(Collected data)

┄┄┄┄┄┄┄┄┄┄┄┄┄┄┄┄┄┄┄┄

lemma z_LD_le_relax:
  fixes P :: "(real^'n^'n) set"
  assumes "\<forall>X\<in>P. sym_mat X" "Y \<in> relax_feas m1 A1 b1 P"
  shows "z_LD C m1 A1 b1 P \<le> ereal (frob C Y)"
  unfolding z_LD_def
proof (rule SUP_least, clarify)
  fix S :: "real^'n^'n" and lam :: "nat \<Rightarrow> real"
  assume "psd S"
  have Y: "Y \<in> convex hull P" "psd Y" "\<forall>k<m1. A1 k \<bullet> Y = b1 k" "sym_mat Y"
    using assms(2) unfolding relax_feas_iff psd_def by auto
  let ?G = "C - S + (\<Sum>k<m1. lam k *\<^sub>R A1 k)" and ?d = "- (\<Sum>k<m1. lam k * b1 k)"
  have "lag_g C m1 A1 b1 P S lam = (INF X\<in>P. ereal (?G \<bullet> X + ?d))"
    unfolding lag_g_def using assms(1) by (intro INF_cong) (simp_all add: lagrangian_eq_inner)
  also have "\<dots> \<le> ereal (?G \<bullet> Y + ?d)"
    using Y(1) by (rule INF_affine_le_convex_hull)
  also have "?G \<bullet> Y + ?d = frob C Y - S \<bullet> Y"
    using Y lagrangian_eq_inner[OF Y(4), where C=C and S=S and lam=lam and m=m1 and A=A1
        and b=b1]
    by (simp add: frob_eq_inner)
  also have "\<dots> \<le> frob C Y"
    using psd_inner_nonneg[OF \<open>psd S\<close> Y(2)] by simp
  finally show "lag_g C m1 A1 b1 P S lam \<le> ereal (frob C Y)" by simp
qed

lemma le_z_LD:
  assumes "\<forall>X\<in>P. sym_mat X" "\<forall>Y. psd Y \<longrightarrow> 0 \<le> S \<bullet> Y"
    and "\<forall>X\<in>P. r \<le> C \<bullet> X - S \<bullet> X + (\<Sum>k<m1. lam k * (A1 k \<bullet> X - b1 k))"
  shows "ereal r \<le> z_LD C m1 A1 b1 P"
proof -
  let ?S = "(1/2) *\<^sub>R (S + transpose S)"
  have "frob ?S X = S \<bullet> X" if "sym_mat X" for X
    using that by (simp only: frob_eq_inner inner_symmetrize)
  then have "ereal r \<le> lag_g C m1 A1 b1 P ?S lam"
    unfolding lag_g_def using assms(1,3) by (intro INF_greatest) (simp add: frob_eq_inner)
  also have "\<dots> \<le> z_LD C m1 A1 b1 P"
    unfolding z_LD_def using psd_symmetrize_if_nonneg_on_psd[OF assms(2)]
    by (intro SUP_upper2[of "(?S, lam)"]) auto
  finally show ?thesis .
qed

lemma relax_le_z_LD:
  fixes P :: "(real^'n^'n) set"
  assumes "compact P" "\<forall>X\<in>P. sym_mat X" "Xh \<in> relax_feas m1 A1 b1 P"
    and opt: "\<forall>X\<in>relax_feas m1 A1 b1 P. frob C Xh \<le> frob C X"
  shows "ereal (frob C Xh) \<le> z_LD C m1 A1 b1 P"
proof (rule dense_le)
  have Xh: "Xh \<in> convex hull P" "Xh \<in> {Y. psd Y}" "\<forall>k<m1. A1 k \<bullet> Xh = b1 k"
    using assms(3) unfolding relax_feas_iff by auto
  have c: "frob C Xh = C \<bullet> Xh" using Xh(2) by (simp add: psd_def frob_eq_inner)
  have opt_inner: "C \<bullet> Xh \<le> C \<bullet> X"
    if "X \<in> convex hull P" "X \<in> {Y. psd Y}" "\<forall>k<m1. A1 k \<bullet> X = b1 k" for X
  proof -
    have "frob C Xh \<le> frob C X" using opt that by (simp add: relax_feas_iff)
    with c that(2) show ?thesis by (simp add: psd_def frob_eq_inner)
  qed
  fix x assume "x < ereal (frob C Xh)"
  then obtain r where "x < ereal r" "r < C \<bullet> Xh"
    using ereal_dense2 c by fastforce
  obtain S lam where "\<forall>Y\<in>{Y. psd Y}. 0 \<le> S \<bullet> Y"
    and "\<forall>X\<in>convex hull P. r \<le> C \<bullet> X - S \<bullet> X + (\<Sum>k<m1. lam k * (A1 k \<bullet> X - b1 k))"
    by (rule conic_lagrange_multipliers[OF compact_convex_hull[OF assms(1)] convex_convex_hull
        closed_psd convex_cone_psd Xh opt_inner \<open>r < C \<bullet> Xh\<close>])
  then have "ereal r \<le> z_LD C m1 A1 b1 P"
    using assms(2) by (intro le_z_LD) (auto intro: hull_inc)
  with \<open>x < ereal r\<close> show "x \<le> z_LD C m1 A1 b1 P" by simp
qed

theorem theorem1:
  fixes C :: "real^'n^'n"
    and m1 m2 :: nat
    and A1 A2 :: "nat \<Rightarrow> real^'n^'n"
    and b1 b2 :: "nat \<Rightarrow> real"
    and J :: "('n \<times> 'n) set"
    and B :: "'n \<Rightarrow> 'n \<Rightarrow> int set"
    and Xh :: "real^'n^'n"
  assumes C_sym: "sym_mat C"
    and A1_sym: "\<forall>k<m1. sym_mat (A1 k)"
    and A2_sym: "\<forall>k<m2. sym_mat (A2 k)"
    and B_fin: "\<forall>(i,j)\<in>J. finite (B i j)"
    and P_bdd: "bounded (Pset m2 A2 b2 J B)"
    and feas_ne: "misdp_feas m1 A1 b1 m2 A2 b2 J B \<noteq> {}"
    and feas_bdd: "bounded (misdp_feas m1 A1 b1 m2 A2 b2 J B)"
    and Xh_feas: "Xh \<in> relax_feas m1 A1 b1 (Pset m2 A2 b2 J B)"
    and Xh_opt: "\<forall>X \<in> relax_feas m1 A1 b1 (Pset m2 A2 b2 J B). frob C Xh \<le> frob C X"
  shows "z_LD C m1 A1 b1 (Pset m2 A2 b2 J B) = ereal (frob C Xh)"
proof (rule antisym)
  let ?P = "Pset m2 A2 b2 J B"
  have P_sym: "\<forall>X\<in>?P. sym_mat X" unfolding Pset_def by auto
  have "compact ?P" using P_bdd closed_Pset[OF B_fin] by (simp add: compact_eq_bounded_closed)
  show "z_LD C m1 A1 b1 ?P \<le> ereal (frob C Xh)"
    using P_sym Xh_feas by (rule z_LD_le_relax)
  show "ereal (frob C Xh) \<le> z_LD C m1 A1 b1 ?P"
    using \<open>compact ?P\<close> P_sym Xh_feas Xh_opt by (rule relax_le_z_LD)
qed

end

┄┄┄┄┄┄┄┄┄┄┄┄┄┄┄┄┄┄┄┄

How to complete this task – Restate the data above word for word, omitting nothing.

Answer to the problem –
lemma z_LD_le_relax:
  fixes P :: "(real^'n^'n) set"
  assumes "\<forall>X\<in>P. sym_mat X" "Y \<in> relax_feas m1 A1 b1 P"
  shows "z_LD C m1 A1 b1 P \<le> ereal (frob C Y)"
  unfolding z_LD_def
proof (rule SUP_least, clarify)
  fix S :: "real^'n^'n" and lam :: "nat \<Rightarrow> real"
  assume "psd S"
  have Y: "Y \<in> convex hull P" "psd Y" "\<forall>k<m1. A1 k \<bullet> Y = b1 k" "sym_mat Y"
    using assms(2) unfolding relax_feas_iff psd_def by auto
  let ?G = "C - S + (\<Sum>k<m1. lam k *\<^sub>R A1 k)" and ?d = "- (\<Sum>k<m1. lam k * b1 k)"
  have "lag_g C m1 A1 b1 P S lam = (INF X\<in>P. ereal (?G \<bullet> X + ?d))"
    unfolding lag_g_def using assms(1) by (intro INF_cong) (simp_all add: lagrangian_eq_inner)
  also have "\<dots> \<le> ereal (?G \<bullet> Y + ?d)"
    using Y(1) by (rule INF_affine_le_convex_hull)
  also have "?G \<bullet> Y + ?d = frob C Y - S \<bullet> Y"
    using Y lagrangian_eq_inner[OF Y(4), where C=C and S=S and lam=lam and m=m1 and A=A1
        and b=b1]
    by (simp add: frob_eq_inner)
  also have "\<dots> \<le> frob C Y"
    using psd_inner_nonneg[OF \<open>psd S\<close> Y(2)] by simp
  finally show "lag_g C m1 A1 b1 P S lam \<le> ereal (frob C Y)" by simp
qed

lemma le_z_LD:
  assumes "\<forall>X\<in>P. sym_mat X" "\<forall>Y. psd Y \<longrightarrow> 0 \<le> S \<bullet> Y"
    and "\<forall>X\<in>P. r \<le> C \<bullet> X - S \<bullet> X + (\<Sum>k<m1. lam k * (A1 k \<bullet> X - b1 k))"
  shows "ereal r \<le> z_LD C m1 A1 b1 P"
proof -
  let ?S = "(1/2) *\<^sub>R (S + transpose S)"
  have "frob ?S X = S \<bullet> X" if "sym_mat X" for X
    using that by (simp only: frob_eq_inner inner_symmetrize)
  then have "ereal r \<le> lag_g C m1 A1 b1 P ?S lam"
    unfolding lag_g_def using assms(1,3) by (intro INF_greatest) (simp add: frob_eq_inner)
  also have "\<dots> \<le> z_LD C m1 A1 b1 P"
    unfolding z_LD_def using psd_symmetrize_if_nonneg_on_psd[OF assms(2)]
    by (intro SUP_upper2[of "(?S, lam)"]) auto
  finally show ?thesis .
qed

lemma relax_le_z_LD:
  fixes P :: "(real^'n^'n) set"
  assumes "compact P" "\<forall>X\<in>P. sym_mat X" "Xh \<in> relax_feas m1 A1 b1 P"
    and opt: "\<forall>X\<in>relax_feas m1 A1 b1 P. frob C Xh \<le> frob C X"
  shows "ereal (frob C Xh) \<le> z_LD C m1 A1 b1 P"
proof (rule dense_le)
  have Xh: "Xh \<in> convex hull P" "Xh \<in> {Y. psd Y}" "\<forall>k<m1. A1 k \<bullet> Xh = b1 k"
    using assms(3) unfolding relax_feas_iff by auto
  have c: "frob C Xh = C \<bullet> Xh" using Xh(2) by (simp add: psd_def frob_eq_inner)
  have opt_inner: "C \<bullet> Xh \<le> C \<bullet> X"
    if "X \<in> convex hull P" "X \<in> {Y. psd Y}" "\<forall>k<m1. A1 k \<bullet> X = b1 k" for X
  proof -
    have "frob C Xh \<le> frob C X" using opt that by (simp add: relax_feas_iff)
    with c that(2) show ?thesis by (simp add: psd_def frob_eq_inner)
  qed
  fix x assume "x < ereal (frob C Xh)"
  then obtain r where "x < ereal r" "r < C \<bullet> Xh"
    using ereal_dense2 c by fastforce
  obtain S lam where "\<forall>Y\<in>{Y. psd Y}. 0 \<le> S \<bullet> Y"
    and "\<forall>X\<in>convex hull P. r \<le> C \<bullet> X - S \<bullet> X + (\<Sum>k<m1. lam k * (A1 k \<bullet> X - b1 k))"
    by (rule conic_lagrange_multipliers[OF compact_convex_hull[OF assms(1)] convex_convex_hull
        closed_psd convex_cone_psd Xh opt_inner \<open>r < C \<bullet> Xh\<close>])
  then have "ereal r \<le> z_LD C m1 A1 b1 P"
    using assms(2) by (intro le_z_LD) (auto intro: hull_inc)
  with \<open>x < ereal r\<close> show "x \<le> z_LD C m1 A1 b1 P" by simp
qed

theorem theorem1:
  fixes C :: "real^'n^'n"
    and m1 m2 :: nat
    and A1 A2 :: "nat \<Rightarrow> real^'n^'n"
    and b1 b2 :: "nat \<Rightarrow> real"
    and J :: "('n \<times> 'n) set"
    and B :: "'n \<Rightarrow> 'n \<Rightarrow> int set"
    and Xh :: "real^'n^'n"
  assumes C_sym: "sym_mat C"
    and A1_sym: "\<forall>k<m1. sym_mat (A1 k)"
    and A2_sym: "\<forall>k<m2. sym_mat (A2 k)"
    and B_fin: "\<forall>(i,j)\<in>J. finite (B i j)"
    and P_bdd: "bounded (Pset m2 A2 b2 J B)"
    and feas_ne: "misdp_feas m1 A1 b1 m2 A2 b2 J B \<noteq> {}"
    and feas_bdd: "bounded (misdp_feas m1 A1 b1 m2 A2 b2 J B)"
    and Xh_feas: "Xh \<in> relax_feas m1 A1 b1 (Pset m2 A2 b2 J B)"
    and Xh_opt: "\<forall>X \<in> relax_feas m1 A1 b1 (Pset m2 A2 b2 J B). frob C Xh \<le> frob C X"
  shows "z_LD C m1 A1 b1 (Pset m2 A2 b2 J B) = ereal (frob C Xh)"
proof (rule antisym)
  let ?P = "Pset m2 A2 b2 J B"
  have P_sym: "\<forall>X\<in>?P. sym_mat X" unfolding Pset_def by auto
  have "compact ?P" using P_bdd closed_Pset[OF B_fin] by (simp add: compact_eq_bounded_closed)
  show "z_LD C m1 A1 b1 ?P \<le> ereal (frob C Xh)"
    using P_sym Xh_feas by (rule z_LD_le_relax)
  show "ereal (frob C Xh) \<le> z_LD C m1 A1 b1 ?P"
    using \<open>compact ?P\<close> P_sym Xh_feas Xh_opt by (rule relax_le_z_LD)
qed

end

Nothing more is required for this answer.